The name sounded familiar. But I just couldn't connect name and face to anything that might have happened to me. And then, in a flash of understanding, in one of those moments in which all the elements of a problem arrange themselves and stop looking like a problem at all, I realized it. Facebook says it best: "You went to high school with this person."
Now, to understand how strange this is to me, maybe you need to know a little bit of my history. I moved around a lot - I spent the first chunk of education in Oregon, then had some middle school in Chicago, and split my high-schooling between Oxford, England and Canberra, Australia. I have never kept in good touch with my old friends. I think of them sometimes, but for the most part I recollect only a mass of faceless people and a feeling that I cannot name. And I know that feeling and those people used to mean the world to me. And now... they could, if I remembered just a little less harder, be nothing.

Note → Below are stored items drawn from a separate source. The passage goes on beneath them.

(* Let $n\ge3$ and $c\ge1$. For every $t\in\{1,\dots,c\}$ and every $i\in\{1,\dots,n-2\}$, neither of the relations \[ \rho_i\sigma_{i+1,t}\sigma_{i,t}=\sigma_{i+1,t}\sigma_{i,t}\rho_{i+1},\qquad \rho_{i+1}\sigma_{i,t}\sigma_{i+1,t}=\sigma_{i,t}\sigma_{i+1,t}\rho_i \] holds in $UV_n(c)$; that is, imposing either relation yields a proper quotient of $UV_n(c)$.
   Context: $UV_n(c)$ is the group with generators $\rho_i$ ($1\le i\le n-1$), $\sigma_{i,t}$ ($1\le i\le n-1$, $1\le t\le c$) and relations $\rho_i\rho_{i+1}\rho_i=\rho_{i+1}\rho_i\rho_{i+1}$ ($1\le i\le n-2$), $\rho_i\rho_j=\rho_j\rho_i$ ($|i-j|\ge2$), $\rho_i^2=1$, $\sigma_{i,t}\sigma_{j,\ell}=\sigma_{j,\ell}\sigma_{i,t}$ ($|i-j|\ge2$, $1\le t,\ell\le c$), $\sigma_{i,t}\rho_j=\rho_j\sigma_{i,t}$ ($|i-j|\ge2$), $\rho_i\rho_{i+1}\sigma_{i,t}=\sigma_{i+1,t}\rho_i\rho_{i+1}$ ($1\le i\le n-2$, $1\le t\le c$). *)

theory Defs
  imports Main
begin

datatype gen = Rho nat | Sig nat nat

text \<open>Group words: a letter (g, False) is g, (g, True) is g inverse.\<close>
type_synonym word = "(gen \<times> bool) list"

definition rho :: "nat \<Rightarrow> word" where "rho i = [(Rho i, False)]"
definition sig :: "nat \<Rightarrow> nat \<Rightarrow> word" where "sig i t = [(Sig i t, False)]"

definition uv_rels :: "nat \<Rightarrow> nat \<Rightarrow> (word \<times> word) set" where
  "uv_rels n c =
     {(rho i @ rho (i+1) @ rho i, rho (i+1) @ rho i @ rho (i+1)) | i. 1 \<le> i \<and> i \<le> n - 2}
   \<union> {(rho i @ rho j, rho j @ rho i) | i j. 1 \<le> i \<and> i \<le> n - 1 \<and> 1 \<le> j \<and> j \<le> n - 1
        \<and> (i + 2 \<le> j \<or> j + 2 \<le> i)}
   \<union> {(rho i @ rho i, []) | i. 1 \<le> i \<and> i \<le> n - 1}
   \<union> {(sig i t @ sig j l, sig j l @ sig i t) | i j t l. 1 \<le> i \<and> i \<le> n - 1 \<and> 1 \<le> j \<and> j \<le> n - 1
        \<and> (i + 2 \<le> j \<or> j + 2 \<le> i) \<and> 1 \<le> t \<and> t \<le> c \<and> 1 \<le> l \<and> l \<le> c}
   \<union> {(sig i t @ rho j, rho j @ sig i t) | i j t. 1 \<le> i \<and> i \<le> n - 1 \<and> 1 \<le> j \<and> j \<le> n - 1
        \<and> (i + 2 \<le> j \<or> j + 2 \<le> i) \<and> 1 \<le> t \<and> t \<le> c}
   \<union> {(rho i @ rho (i+1) @ sig i t, sig (i+1) t @ rho i @ rho (i+1)) | i t.
        1 \<le> i \<and> i \<le> n - 2 \<and> 1 \<le> t \<and> t \<le> c}"

inductive uv_eq :: "nat \<Rightarrow> nat \<Rightarrow> word \<Rightarrow> word \<Rightarrow> bool" for n c where
  refl: "uv_eq n c w w"
| sym: "uv_eq n c u v \<Longrightarrow> uv_eq n c v u"
| trans: "uv_eq n c u v \<Longrightarrow> uv_eq n c v w \<Longrightarrow> uv_eq n c u w"
| cancel: "uv_eq n c [(g, b), (g, \<not> b)] []"
| rel: "(u, v) \<in> uv_rels n c \<Longrightarrow> uv_eq n c u v"
| append: "uv_eq n c u v \<Longrightarrow> uv_eq n c u' v' \<Longrightarrow> uv_eq n c (u @ u') (v @ v')"

end

theory Submission
  imports Defs "HOL-Combinatorics.Transposition"
begin

text \<open>Sending rho_i to the transposition (i i+1) and every sigma_{i,t} to the identity
  respects all defining relations of UV_n(c), so it induces a homomorphism from UV_n(c) to
  the permutations of the naturals. Both relations in question are sent to the false identity
  (i i+1) = (i+1 i+2), hence neither holds in UV_n(c).\<close>

fun perm_of_gen :: "gen \<Rightarrow> nat \<Rightarrow> nat" where
  "perm_of_gen (Rho i) = transpose i (Suc i)"
| "perm_of_gen (Sig i t) = id"

text \<open>The exponent of a letter is ignored: every generator is sent to an involution.\<close>
primrec perm_of_word :: "word \<Rightarrow> nat \<Rightarrow> nat" where
  "perm_of_word [] = id"
| "perm_of_word (x # w) = perm_of_gen (fst x) \<circ> perm_of_word w"

lemma perm_of_word_append [simp]:
  "perm_of_word (u @ v) = perm_of_word u \<circ> perm_of_word v"
  by (induction u) (simp_all add: comp_assoc)

lemma perm_of_word_rho [simp]: "perm_of_word (rho i) = transpose i (Suc i)"
  by (simp add: rho_def)

lemma perm_of_word_sig [simp]: "perm_of_word (sig i t) = id"
  by (simp add: sig_def)

lemma perm_of_gen_involutory: "perm_of_gen g \<circ> perm_of_gen g = id"
  by (cases g) simp_all

lemma perm_of_word_uv_rels:
  assumes "(u, v) \<in> uv_rels n c"
  shows "perm_of_word u = perm_of_word v"
  using assms unfolding uv_rels_def
  by (auto simp: fun_eq_iff transpose_def)

lemma uv_eq_imp_perm_of_word_eq:
  assumes "uv_eq n c u v"
  shows "perm_of_word u = perm_of_word v"
  using assms
proof (induction rule: uv_eq.induct)
  case (cancel g b)
  show ?case by (simp add: perm_of_gen_involutory)
next
  case (rel u v)
  then show ?case by (rule perm_of_word_uv_rels)
qed simp_all

lemma adjacent_transpositions_ne: "transpose i (Suc i) \<noteq> transpose (Suc i) (Suc (Suc i))"
proof
  assume "transpose i (Suc i) = transpose (Suc i) (Suc (Suc i))"
  then have "transpose i (Suc i) i = transpose (Suc i) (Suc (Suc i)) i" by simp
  then show False by simp
qed

theorem proposition5p1:
  fixes n c :: nat
  assumes "n \<ge> 3" and "c \<ge> 1"
  shows "\<forall>t \<in> {1..c}. \<forall>i \<in> {1..n-2}.
           \<not> uv_eq n c (rho i @ sig (i+1) t @ sig i t) (sig (i+1) t @ sig i t @ rho (i+1))
         \<and> \<not> uv_eq n c (rho (i+1) @ sig i t @ sig (i+1) t) (sig i t @ sig (i+1) t @ rho i)"
proof (intro ballI conjI notI)
  fix t i
  assume "uv_eq n c (rho i @ sig (i+1) t @ sig i t) (sig (i+1) t @ sig i t @ rho (i+1))"
  then have "transpose i (Suc i) = transpose (Suc i) (Suc (Suc i))"
    by (auto dest: uv_eq_imp_perm_of_word_eq)
  then show False by (simp add: adjacent_transpositions_ne)
next
  fix t i
  assume "uv_eq n c (rho (i+1) @ sig i t @ sig (i+1) t) (sig i t @ sig (i+1) t @ rho i)"
  then have "transpose (Suc i) (Suc (Suc i)) = transpose i (Suc i)"
    by (auto dest: uv_eq_imp_perm_of_word_eq)
  then show False by (metis adjacent_transpositions_ne)
qed

end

But this Facebook picture is like a small tear in a fabric that's been covering all these memories of high school - and out of the tear peeks a glint of light, of understanding. I page through the faces of her friends... and about one in ten are people whose names I barely remember - but who I begin to remember, people who are not exactly strangers, but who nonetheless I just do not know. Each little picture is a person. I think: would they remember me? were they my friend? my enemy? what? And the picture remains silent. But with each face, the little tear in the fabric that's been covering my memories grows a bit bigger.
But the bedrock of memory beneath the fabric is never completely revealed. All I get are little glimpses of it. Those glimpses grow bigger as I think more: I begin to be able to remember old friends' names, maybe a flash of a gesture, a voice; but in the end, that forgetful fabric recovers these bursts of understanding, and I am left staring at a lineup of strangers once again.
But why do I even want to remember high school? High school sucked. I sucked in high school. I don't want to go back to high school - mostly, in high school, I thought about how much I hated everything and everyone and wanted to leave. So why, this morning, looking at the faces of people who make me remember that suffering, am I feeling like I have just solved a puzzle about myself?
This nostalgia is a way of communing with my past, of going back to the disused altar of my memory and worshiping again the dead gods whose names I barely remember and can hardly pronounce. It is a solipsistic worship - I worship a past who no one else remembers, with prayers no one else will intone. And then end result: a couple new friends on my Facebook profile, and the glimmer of a feeling that I might - if I tried hard enough - look back at the past and understand the changes that passed over me, make worthwhile all of the dim memories. Maybe I will send an e-mail to an old friend and figure out where they are, and what they're doing. Who knows, maybe, sometime in life - we'll have a coffee together.
But not yet. I click 'Add to friend' - a small benediction.